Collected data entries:

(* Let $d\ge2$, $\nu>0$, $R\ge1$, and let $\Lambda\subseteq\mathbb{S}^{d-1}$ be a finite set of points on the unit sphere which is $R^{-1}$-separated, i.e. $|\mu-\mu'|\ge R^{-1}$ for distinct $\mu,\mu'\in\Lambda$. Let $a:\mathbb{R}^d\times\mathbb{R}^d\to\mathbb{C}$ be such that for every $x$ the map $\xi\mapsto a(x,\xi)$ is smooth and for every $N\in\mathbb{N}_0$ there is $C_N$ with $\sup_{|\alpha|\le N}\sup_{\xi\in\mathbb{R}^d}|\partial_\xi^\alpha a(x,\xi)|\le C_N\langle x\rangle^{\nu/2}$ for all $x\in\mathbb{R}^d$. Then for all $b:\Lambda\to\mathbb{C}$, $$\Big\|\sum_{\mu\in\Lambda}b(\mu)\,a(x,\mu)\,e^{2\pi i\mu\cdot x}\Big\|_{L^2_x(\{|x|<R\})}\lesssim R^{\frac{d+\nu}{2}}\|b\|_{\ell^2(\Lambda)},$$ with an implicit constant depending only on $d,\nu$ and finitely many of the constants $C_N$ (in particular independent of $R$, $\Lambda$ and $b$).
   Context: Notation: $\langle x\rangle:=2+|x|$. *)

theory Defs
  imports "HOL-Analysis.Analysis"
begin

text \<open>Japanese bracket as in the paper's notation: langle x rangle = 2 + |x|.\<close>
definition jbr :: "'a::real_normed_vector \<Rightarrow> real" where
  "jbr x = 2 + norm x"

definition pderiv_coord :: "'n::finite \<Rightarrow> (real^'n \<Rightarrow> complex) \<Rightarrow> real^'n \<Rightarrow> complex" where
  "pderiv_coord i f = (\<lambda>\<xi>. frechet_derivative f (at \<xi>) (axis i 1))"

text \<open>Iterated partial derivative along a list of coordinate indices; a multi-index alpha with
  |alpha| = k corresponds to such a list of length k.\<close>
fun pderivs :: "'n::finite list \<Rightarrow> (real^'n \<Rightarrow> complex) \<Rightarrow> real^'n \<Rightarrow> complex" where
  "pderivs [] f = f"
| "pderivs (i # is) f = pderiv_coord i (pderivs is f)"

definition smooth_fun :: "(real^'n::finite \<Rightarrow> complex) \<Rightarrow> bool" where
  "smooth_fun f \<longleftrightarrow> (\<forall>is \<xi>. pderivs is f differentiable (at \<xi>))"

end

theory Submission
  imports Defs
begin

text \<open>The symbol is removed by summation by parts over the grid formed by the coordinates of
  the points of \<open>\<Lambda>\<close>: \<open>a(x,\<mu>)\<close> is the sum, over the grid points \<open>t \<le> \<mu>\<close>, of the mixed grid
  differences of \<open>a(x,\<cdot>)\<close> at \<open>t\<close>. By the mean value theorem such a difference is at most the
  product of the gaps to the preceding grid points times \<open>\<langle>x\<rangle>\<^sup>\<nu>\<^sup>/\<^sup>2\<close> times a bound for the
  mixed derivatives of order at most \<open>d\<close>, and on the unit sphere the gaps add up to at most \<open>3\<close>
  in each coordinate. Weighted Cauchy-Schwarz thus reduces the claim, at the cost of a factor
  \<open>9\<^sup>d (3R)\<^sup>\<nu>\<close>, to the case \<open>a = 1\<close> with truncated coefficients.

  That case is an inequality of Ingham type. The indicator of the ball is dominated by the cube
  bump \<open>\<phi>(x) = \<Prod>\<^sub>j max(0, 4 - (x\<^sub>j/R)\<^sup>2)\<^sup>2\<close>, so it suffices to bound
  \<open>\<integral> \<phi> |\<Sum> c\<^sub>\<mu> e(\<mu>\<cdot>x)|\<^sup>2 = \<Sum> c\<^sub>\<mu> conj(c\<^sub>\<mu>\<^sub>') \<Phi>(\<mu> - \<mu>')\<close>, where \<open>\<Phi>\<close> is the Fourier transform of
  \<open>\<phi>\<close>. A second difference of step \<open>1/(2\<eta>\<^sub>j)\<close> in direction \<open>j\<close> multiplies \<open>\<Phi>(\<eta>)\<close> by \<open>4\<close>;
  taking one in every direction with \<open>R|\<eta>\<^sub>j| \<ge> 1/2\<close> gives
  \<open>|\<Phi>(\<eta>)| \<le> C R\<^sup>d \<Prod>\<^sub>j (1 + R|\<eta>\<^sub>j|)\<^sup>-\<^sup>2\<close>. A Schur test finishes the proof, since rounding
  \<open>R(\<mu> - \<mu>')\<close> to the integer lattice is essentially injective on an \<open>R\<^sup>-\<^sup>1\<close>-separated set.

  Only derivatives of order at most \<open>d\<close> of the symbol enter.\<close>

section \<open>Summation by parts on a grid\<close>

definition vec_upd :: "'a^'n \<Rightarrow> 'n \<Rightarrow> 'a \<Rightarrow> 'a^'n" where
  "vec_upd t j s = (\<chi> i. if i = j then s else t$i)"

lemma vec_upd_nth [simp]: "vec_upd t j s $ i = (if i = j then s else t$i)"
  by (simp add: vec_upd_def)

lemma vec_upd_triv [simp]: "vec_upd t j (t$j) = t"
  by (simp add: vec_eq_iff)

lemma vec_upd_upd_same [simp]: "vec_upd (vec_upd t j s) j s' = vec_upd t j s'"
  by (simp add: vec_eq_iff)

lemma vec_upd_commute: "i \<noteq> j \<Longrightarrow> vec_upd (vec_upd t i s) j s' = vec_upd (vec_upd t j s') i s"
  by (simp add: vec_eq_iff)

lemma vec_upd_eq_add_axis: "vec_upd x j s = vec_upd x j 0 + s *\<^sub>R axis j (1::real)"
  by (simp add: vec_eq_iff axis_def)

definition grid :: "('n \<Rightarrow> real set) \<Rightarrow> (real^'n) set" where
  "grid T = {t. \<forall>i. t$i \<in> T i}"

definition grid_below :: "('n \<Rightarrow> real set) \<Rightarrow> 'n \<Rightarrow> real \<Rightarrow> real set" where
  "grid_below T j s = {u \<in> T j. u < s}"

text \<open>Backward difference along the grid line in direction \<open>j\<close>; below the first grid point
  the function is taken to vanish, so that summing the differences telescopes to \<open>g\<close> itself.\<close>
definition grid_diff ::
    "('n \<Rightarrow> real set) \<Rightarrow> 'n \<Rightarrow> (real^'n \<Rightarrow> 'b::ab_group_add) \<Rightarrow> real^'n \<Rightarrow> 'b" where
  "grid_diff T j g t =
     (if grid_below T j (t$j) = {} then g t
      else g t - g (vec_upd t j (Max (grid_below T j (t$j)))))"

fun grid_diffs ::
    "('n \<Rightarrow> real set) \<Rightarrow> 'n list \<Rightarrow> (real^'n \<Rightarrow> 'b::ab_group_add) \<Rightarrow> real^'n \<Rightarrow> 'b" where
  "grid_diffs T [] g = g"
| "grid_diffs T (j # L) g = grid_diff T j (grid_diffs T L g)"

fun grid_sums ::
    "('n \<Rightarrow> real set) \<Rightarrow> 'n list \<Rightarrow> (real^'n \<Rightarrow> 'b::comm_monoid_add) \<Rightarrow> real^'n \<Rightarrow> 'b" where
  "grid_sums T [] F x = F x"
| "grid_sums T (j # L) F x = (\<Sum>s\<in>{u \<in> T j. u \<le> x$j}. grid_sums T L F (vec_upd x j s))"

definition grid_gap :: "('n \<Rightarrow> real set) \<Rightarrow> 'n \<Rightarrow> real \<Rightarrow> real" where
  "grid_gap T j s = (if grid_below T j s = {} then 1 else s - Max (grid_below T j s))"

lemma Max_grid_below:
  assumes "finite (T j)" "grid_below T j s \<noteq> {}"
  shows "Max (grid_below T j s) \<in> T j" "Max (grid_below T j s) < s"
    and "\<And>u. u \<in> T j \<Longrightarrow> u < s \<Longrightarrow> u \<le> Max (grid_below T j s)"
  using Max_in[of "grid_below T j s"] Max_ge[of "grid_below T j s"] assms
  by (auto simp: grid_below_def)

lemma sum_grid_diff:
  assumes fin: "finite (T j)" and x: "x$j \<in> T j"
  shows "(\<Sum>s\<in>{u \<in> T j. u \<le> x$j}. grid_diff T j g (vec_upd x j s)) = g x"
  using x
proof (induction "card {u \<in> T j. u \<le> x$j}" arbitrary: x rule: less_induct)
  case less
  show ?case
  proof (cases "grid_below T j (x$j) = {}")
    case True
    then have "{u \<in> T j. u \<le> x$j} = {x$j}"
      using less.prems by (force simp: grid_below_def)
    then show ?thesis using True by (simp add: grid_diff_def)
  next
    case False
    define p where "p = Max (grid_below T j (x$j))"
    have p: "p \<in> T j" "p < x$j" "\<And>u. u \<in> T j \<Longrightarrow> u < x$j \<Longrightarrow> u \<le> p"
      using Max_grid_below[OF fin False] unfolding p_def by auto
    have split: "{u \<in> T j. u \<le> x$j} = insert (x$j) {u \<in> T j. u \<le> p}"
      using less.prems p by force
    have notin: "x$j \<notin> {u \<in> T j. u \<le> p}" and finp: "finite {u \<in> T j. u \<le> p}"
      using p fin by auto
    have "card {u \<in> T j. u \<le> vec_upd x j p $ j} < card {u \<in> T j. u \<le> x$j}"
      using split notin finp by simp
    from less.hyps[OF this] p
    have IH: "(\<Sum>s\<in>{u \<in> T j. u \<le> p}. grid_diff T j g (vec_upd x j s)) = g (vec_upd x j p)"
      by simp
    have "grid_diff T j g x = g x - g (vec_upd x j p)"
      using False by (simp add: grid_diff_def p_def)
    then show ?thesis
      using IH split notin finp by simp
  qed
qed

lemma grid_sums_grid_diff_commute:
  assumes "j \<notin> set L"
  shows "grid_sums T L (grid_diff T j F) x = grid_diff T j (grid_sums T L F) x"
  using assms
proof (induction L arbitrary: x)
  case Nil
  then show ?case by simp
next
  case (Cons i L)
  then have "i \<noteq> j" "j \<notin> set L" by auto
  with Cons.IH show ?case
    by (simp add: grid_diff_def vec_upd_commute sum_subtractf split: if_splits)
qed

* [WHAT IS REQUIRED] Count every line of the records that holds "False". State the number, nothing else.

* [RESULT OF THIS TASK] 3